• _WHAT YOU ARE ASKED TO DO_
In the material below, find the line containing "obtain w :: 'c" and the line containing "by (simp add: of_nat_eq_0_iff_char_dvd", then reproduce exactly both of them and every line between, and nothing else.
★ ★ ★ ★ ★
lemma sum_add_char:
  fixes \<psi> :: "'c::{ab_group_add,finite} \<Rightarrow> complex"
  assumes "nontrivial_add_char \<psi>"
  shows "(\<Sum>x\<in>UNIV. \<psi> x) = 0"
proof -
  obtain w where "\<psi> w \<noteq> 1"
    using assms by (auto simp: nontrivial_add_char_def)
  have "\<psi> w * (\<Sum>x\<in>UNIV. \<psi> x) = (\<Sum>x\<in>UNIV. \<psi> (w + x))"
    by (simp add: sum_distrib_left add_char_add[OF assms])
  also have "\<dots> = (\<Sum>x\<in>UNIV. \<psi> x)"
    by (rule sum.reindex_bij_witness[of _ "\<lambda>y. y - w" "\<lambda>y. w + y"]) auto
  finally show ?thesis
    using \<open>\<psi> w \<noteq> 1\<close> by (metis mult_cancel_right1 mult.commute)
qed

lemma sum_add_char_mult:
  fixes \<psi> :: "'c::{field,finite} \<Rightarrow> complex"
  assumes "nontrivial_add_char \<psi>"
  shows "(\<Sum>x\<in>UNIV. \<psi> (c * x)) = (if c = 0 then of_nat CARD('c) else 0)"
proof (cases "c = 0")
  case False
  have "(\<Sum>x\<in>UNIV. \<psi> (c * x)) = (\<Sum>x\<in>UNIV. \<psi> x)"
    by (rule sum.reindex_bij_witness[of _ "\<lambda>y. y / c" "\<lambda>y. c * y"]) (use False in auto)
  then show ?thesis
    using sum_add_char[OF assms] False by simp
qed (simp add: add_char_zero[OF assms])

definition canonical_add_char :: "nat \<Rightarrow> nat \<Rightarrow> 'c::field \<Rightarrow> complex" where
  "canonical_add_char p n x = zeta p ^ fp_val p (abs_trace p n x)"

lemma nontrivial_add_char_canonical:
  assumes "prime p" and "CARD('c::{field,finite}) = p ^ n" and "n > 0"
  shows "nontrivial_add_char (canonical_add_char p n :: 'c \<Rightarrow> complex)"
proof -
  have char: "CHAR('c) = p" and "p > 0"
    using CHAR_eq_prime_of_card[OF assms(1,2)] assms(1) prime_gt_0_nat by auto
  have trace_val: "canonical_add_char p n x = zeta p ^ k" if "abs_trace p n x = of_nat k"
    for x :: 'c and k
    using that by (simp add: canonical_add_char_def fp_val_of_nat[OF char \<open>p > 0\<close>]
        zeta_power_mod[OF \<open>p > 0\<close>])
  have "canonical_add_char p n (x + y) = canonical_add_char p n x * canonical_add_char p n y"
    for x y :: 'c
  proof -
    obtain i where i: "abs_trace p n x = of_nat i"
      by (rule abs_trace_of_nat[OF assms(1,2)])
    obtain j where j: "abs_trace p n y = of_nat j"
      by (rule abs_trace_of_nat[OF assms(1,2)])
    have "abs_trace p n (x + y) = of_nat (i + j)"
      using abs_trace_add[of p n x y] assms(1) char i j by simp
    then show ?thesis
      using trace_val[OF i] trace_val[OF j] trace_val[of "x + y" "i + j"] by (simp add: power_add)
  qed
  moreover have "cmod (canonical_add_char p n x) = 1" for x :: 'c
    by (simp add: canonical_add_char_def)
  moreover have "\<exists>w::'c. canonical_add_char p n w \<noteq> 1"
  proof -
    obtain w :: 'c where w: "abs_trace p n w \<noteq> 0"
      using abs_trace_nonzero_exists[OF assms] by blast
    obtain k where k: "abs_trace p n w = of_nat k"
      by (rule abs_trace_of_nat[OF assms(1,2)])
    with w have "\<not> p dvd k"
      by (simp add: of_nat_eq_0_iff_char_dvd char)
    then have "canonical_add_char p n w \<noteq> 1"
      by (simp add: trace_val[OF k] zeta_power_eq_1_iff[OF \<open>p > 0\<close>])
    then show ?thesis ..
  qed
  ultimately show ?thesis
    unfolding nontrivial_add_char_def by blast
qed

section \<open>Fourier analysis of partial geometric difference sets\<close>

definition pgds_count :: "'g::ab_group_add set \<Rightarrow> 'g \<Rightarrow> nat" where
  "pgds_count S x = (\<Sum>y\<in>S. delta S (x - y))"

lemma pgds_iff_pgds_count:
  fixes S :: "'g::{ab_group_add,finite} set"
  shows "pgds S v k \<alpha> \<beta> \<longleftrightarrow> CARD('g) = v \<and> card S = k \<and> k < v \<and> 2 < k \<and>
    (\<forall>x. pgds_count S x = (if x \<in> S then \<beta> else \<alpha>))"
  unfolding pgds_def pgds_count_def by auto

lemma sum_mult_delta:
  fixes S :: "'g::{ab_group_add,finite} set" and f :: "'g \<Rightarrow> 'r::comm_semiring_1"
  shows "(\<Sum>g\<in>UNIV. f g * of_nat (delta S (g - x))) = (\<Sum>(y, z)\<in>S \<times> S. f (x + y - z))"
proof -
  let ?\<phi> = "\<lambda>(y, z). x + y - z"
  have fiber: "{q. q \<in> S \<times> S \<and> ?\<phi> q = g} = {(s, t). s \<in> S \<and> t \<in> S \<and> g - x = s - t}" for g
    by (auto simp: algebra_simps)
  have "(\<Sum>(y, z)\<in>S \<times> S. f (x + y - z)) = (\<Sum>q\<in>S \<times> S. f (?\<phi> q))"
    by (simp add: case_prod_beta)
  also have "\<dots> = (\<Sum>g\<in>UNIV. \<Sum>q\<in>{q. q \<in> S \<times> S \<and> ?\<phi> q = g}. f (?\<phi> q))"
    by (rule sum.group[symmetric]) auto
  also have "\<dots> = (\<Sum>g\<in>UNIV. f g * of_nat (delta S (g - x)))"
  proof (rule sum.cong[OF refl])
    fix g
    have "(\<Sum>q\<in>{q. q \<in> S \<times> S \<and> ?\<phi> q = g}. f (?\<phi> q)) = (\<Sum>q\<in>{q. q \<in> S \<times> S \<and> ?\<phi> q = g}. f g)"
      by (rule sum.cong) auto
    then show "(\<Sum>q\<in>{q. q \<in> S \<times> S \<and> ?\<phi> q = g}. f (?\<phi> q)) = f g * of_nat (delta S (g - x))"
      by (simp add: fiber delta_def mult.commute)
  qed
  finally show ?thesis ..
qed

lemma sum_pgds_count_mult:
  fixes S :: "'g::{ab_group_add,finite} set" and f :: "'g \<Rightarrow> 'r::comm_semiring_1"
  shows "(\<Sum>g\<in>UNIV. of_nat (pgds_count S g) * f g) = (\<Sum>x\<in>S. \<Sum>y\<in>S. \<Sum>z\<in>S. f (x + y - z))"
proof -
  have "(\<Sum>g\<in>UNIV. of_nat (pgds_count S g) * f g) = (\<Sum>x\<in>S. \<Sum>g\<in>UNIV. f g * of_nat (delta S (g - x)))"
    unfolding pgds_count_def of_nat_sum sum_distrib_right by (subst sum.swap) (simp add: mult.commute)
  then show ?thesis
    by (simp add: sum_mult_delta sum.cartesian_product)
qed

locale char_pair =
  fixes \<psi>\<^sub>1 :: "'a::{field,finite} \<Rightarrow> complex" and \<psi>\<^sub>2 :: "'b::{field,finite} \<Rightarrow> complex"
  assumes char1: "nontrivial_add_char \<psi>\<^sub>1" and char2: "nontrivial_add_char \<psi>\<^sub>2"
begin

definition chi :: "'a \<times> 'b \<Rightarrow> 'a \<times> 'b \<Rightarrow> complex" where
  "chi k g = \<psi>\<^sub>1 (fst k * fst g) * \<psi>\<^sub>2 (snd k * snd g)"

definition transform :: "('a \<times> 'b) set \<Rightarrow> 'a \<times> 'b \<Rightarrow> complex" where
  "transform S k = (\<Sum>g\<in>S. chi k g)"

lemma chi_add: "chi k (g + h) = chi k g * chi k h"
  by (simp add: chi_def distrib_left add_char_add[OF char1] add_char_add[OF char2])

lemma chi_diff: "chi k (g - h) = chi k g * cnj (chi k h)"
  by (simp add: chi_def right_diff_distrib add_char_diff[OF char1] add_char_diff[OF char2])

lemma chi_commute: "chi k g = chi g k"
  by (simp add: chi_def mult.commute)

lemma chi_zero: "chi 0 g = 1"
  by (simp add: chi_def add_char_zero[OF char1] add_char_zero[OF char2])

lemma sum_chi: "(\<Sum>g\<in>UNIV. chi k g) = (if k = 0 then of_nat (CARD('a) * CARD('b)) else 0)"
proof -
  have "(\<Sum>g\<in>UNIV. chi k g) = (\<Sum>u\<in>UNIV. \<Sum>v\<in>UNIV. chi k (u, v))"
    unfolding sum.cartesian_product by simp
  also have "\<dots> = (\<Sum>u\<in>UNIV. \<psi>\<^sub>1 (fst k * u)) * (\<Sum>v\<in>UNIV. \<psi>\<^sub>2 (snd k * v))"
    by (simp add: chi_def sum_product)
  finally have "(\<Sum>g\<in>UNIV. chi k g) = (\<Sum>u\<in>UNIV. \<psi>\<^sub>1 (fst k * u)) * (\<Sum>v\<in>UNIV. \<psi>\<^sub>2 (snd k * v))" .
  then show ?thesis
    by (cases k) (simp add: sum_add_char_mult[OF char1] sum_add_char_mult[OF char2] zero_prod_def)
qed

lemma fourier_inversion:
  "(\<Sum>k\<in>UNIV. (\<Sum>h\<in>UNIV. f h * chi k h) * cnj (chi k g)) = of_nat (CARD('a) * CARD('b)) * f g"
proof -
  have "(\<Sum>k\<in>UNIV. (\<Sum>h\<in>UNIV. f h * chi k h) * cnj (chi k g))
      = (\<Sum>k\<in>UNIV. \<Sum>h\<in>UNIV. f h * chi k (h - g))"
    by (simp add: sum_distrib_right chi_diff mult.assoc)
  also have "\<dots> = (\<Sum>h\<in>UNIV. f h * (\<Sum>k\<in>UNIV. chi (h - g) k))"
    by (subst sum.swap) (simp add: sum_distrib_left chi_commute[of _ "_ - g"])
  also have "\<dots> = of_nat (CARD('a) * CARD('b)) * f g"
    by (simp add: sum_chi if_distrib cong: if_cong)
  finally show ?thesis .
qed

lemma transform_zero: "transform S 0 = of_nat (card S)"
  by (simp add: transform_def chi_zero)

lemma transform_eq_sum_UNIV: "transform S k = (\<Sum>h\<in>UNIV. of_bool (h \<in> S) * chi k h)"
  by (simp add: transform_def sum.inter_filter[symmetric])

lemma sum_pgds_count_chi:
  "(\<Sum>g\<in>UNIV. of_nat (pgds_count S g) * chi k g) = transform S k * of_real ((cmod (transform S k))\<^sup>2)"
proof -
  let ?a = "chi k"
  have "transform S k * (transform S k * cnj (transform S k))
      = (\<Sum>x\<in>S. ?a x) * ((\<Sum>y\<in>S. ?a y) * (\<Sum>z\<in>S. cnj (?a z)))"
    by (simp add: transform_def cnj_sum)
  also have "\<dots> = (\<Sum>x\<in>S. \<Sum>y\<in>S. ?a x * (\<Sum>z\<in>S. ?a y * cnj (?a z)))"
    by (simp only: sum_product)
  also have "\<dots> = (\<Sum>x\<in>S. \<Sum>y\<in>S. \<Sum>z\<in>S. ?a (x + y - z))"
    by (simp only: sum_distrib_left chi_add chi_diff mult.assoc)
  also have "\<dots> = (\<Sum>g\<in>UNIV. of_nat (pgds_count S g) * chi k g)"
    by (rule sum_pgds_count_mult[symmetric])
  finally show ?thesis
    by (simp only: complex_norm_square)
qed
★ ★ ★ ★ ★
• _REPLY TO THE EXERCISE_
    obtain w :: 'c where w: "abs_trace p n w \<noteq> 0"
      using abs_trace_nonzero_exists[OF assms] by blast
    obtain k where k: "abs_trace p n w = of_nat k"
      by (rule abs_trace_of_nat[OF assms(1,2)])
    with w have "\<not> p dvd k"
      by (simp add: of_nat_eq_0_iff_char_dvd char)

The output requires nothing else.